Dataset entries:
--------------------------------

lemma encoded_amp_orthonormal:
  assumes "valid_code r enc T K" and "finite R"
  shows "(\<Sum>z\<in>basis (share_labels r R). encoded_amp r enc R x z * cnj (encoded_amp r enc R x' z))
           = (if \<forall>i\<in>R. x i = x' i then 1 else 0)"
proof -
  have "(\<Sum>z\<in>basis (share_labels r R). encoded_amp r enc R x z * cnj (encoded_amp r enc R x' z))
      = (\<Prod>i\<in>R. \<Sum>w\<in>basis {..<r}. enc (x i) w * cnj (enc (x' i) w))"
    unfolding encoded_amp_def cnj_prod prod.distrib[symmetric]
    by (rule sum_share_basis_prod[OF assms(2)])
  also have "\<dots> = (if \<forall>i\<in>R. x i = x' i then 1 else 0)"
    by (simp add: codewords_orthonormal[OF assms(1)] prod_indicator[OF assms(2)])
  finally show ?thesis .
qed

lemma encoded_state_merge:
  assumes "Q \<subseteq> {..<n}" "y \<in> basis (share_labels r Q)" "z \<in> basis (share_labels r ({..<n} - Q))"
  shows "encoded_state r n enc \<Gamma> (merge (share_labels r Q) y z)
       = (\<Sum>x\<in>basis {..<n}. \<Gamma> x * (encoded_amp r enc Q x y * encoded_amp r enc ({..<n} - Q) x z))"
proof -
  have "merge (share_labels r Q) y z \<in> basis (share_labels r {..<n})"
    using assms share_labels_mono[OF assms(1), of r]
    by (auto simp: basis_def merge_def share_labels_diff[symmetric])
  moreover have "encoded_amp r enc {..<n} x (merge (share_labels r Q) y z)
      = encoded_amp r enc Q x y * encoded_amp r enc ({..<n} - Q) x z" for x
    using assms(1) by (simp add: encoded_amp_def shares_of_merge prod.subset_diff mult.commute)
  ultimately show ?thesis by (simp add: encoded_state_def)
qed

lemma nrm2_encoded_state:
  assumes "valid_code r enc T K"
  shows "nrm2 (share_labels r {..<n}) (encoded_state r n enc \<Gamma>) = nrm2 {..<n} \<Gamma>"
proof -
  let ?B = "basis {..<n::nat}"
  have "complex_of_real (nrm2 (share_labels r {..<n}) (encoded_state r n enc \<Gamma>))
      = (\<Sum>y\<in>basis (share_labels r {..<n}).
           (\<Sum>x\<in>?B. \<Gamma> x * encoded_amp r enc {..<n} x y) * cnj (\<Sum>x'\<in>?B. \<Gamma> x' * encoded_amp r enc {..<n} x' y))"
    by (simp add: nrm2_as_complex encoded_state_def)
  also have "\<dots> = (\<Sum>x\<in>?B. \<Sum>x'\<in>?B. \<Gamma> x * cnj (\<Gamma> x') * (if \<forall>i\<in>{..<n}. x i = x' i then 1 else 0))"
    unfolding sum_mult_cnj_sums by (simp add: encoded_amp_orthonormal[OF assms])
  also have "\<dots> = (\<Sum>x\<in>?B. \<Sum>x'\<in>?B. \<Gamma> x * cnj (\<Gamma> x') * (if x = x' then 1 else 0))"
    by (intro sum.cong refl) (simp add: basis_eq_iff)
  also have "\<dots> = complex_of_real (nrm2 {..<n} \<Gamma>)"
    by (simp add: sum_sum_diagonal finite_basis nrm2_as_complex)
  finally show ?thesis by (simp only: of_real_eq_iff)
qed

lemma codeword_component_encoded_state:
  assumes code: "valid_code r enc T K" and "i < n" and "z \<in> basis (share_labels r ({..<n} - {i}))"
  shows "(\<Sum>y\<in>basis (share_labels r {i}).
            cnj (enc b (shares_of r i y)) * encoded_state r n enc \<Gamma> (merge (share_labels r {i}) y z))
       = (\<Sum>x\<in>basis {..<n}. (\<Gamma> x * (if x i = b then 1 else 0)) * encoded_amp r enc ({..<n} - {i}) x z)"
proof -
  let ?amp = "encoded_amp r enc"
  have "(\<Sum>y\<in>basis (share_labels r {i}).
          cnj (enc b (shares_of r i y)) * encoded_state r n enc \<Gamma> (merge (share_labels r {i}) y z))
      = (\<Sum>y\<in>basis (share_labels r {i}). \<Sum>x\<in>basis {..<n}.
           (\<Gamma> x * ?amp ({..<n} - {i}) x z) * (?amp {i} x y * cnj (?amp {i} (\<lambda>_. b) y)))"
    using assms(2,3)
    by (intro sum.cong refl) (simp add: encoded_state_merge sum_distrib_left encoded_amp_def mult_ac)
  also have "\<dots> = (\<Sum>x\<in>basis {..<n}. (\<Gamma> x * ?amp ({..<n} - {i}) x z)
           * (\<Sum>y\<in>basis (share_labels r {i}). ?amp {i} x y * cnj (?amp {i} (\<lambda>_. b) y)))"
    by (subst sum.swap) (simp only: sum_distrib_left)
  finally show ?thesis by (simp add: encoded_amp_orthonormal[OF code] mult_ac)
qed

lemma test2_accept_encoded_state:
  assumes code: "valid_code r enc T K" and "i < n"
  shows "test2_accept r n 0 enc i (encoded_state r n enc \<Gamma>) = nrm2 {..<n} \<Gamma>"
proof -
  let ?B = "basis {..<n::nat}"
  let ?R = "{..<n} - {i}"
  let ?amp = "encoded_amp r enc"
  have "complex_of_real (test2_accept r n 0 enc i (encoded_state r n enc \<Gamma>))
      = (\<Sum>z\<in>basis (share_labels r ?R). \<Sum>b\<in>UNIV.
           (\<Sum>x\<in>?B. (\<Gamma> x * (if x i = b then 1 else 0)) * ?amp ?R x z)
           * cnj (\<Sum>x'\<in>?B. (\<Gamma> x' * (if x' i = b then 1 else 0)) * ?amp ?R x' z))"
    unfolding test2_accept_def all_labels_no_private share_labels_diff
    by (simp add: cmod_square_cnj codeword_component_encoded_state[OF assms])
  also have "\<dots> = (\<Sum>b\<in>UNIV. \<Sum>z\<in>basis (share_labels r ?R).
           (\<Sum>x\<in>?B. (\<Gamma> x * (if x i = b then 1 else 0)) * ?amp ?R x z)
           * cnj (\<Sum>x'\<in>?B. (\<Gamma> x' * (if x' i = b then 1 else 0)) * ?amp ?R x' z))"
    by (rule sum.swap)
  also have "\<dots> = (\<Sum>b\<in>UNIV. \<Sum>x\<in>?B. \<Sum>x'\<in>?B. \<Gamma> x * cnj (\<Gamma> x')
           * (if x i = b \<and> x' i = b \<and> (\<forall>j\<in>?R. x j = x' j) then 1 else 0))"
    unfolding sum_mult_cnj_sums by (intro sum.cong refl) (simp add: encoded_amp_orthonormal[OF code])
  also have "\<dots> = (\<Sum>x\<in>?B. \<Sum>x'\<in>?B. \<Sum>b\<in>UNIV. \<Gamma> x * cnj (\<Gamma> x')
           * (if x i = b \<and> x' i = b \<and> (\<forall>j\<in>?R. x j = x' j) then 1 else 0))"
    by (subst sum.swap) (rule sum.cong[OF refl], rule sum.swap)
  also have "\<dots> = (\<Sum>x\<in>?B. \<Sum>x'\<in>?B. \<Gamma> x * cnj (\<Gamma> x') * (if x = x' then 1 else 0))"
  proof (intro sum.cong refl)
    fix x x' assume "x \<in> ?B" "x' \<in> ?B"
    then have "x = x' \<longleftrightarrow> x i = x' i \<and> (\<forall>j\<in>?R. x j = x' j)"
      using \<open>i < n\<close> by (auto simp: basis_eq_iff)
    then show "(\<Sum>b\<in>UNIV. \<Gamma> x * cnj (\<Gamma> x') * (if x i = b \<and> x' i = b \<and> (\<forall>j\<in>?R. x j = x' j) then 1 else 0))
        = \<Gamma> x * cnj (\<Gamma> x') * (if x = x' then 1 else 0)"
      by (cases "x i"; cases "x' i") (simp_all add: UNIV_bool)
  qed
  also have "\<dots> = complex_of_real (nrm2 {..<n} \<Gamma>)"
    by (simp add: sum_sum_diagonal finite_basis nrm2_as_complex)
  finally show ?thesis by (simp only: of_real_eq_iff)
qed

--------------------------------

# Activity:
Copy out, from the data above, each line where the string "swap" is present.

# Solution to this problem:
    by (subst sum.swap) (simp only: sum_distrib_left)
    by (rule sum.swap)
    by (subst sum.swap) (rule sum.cong[OF refl], rule sum.swap)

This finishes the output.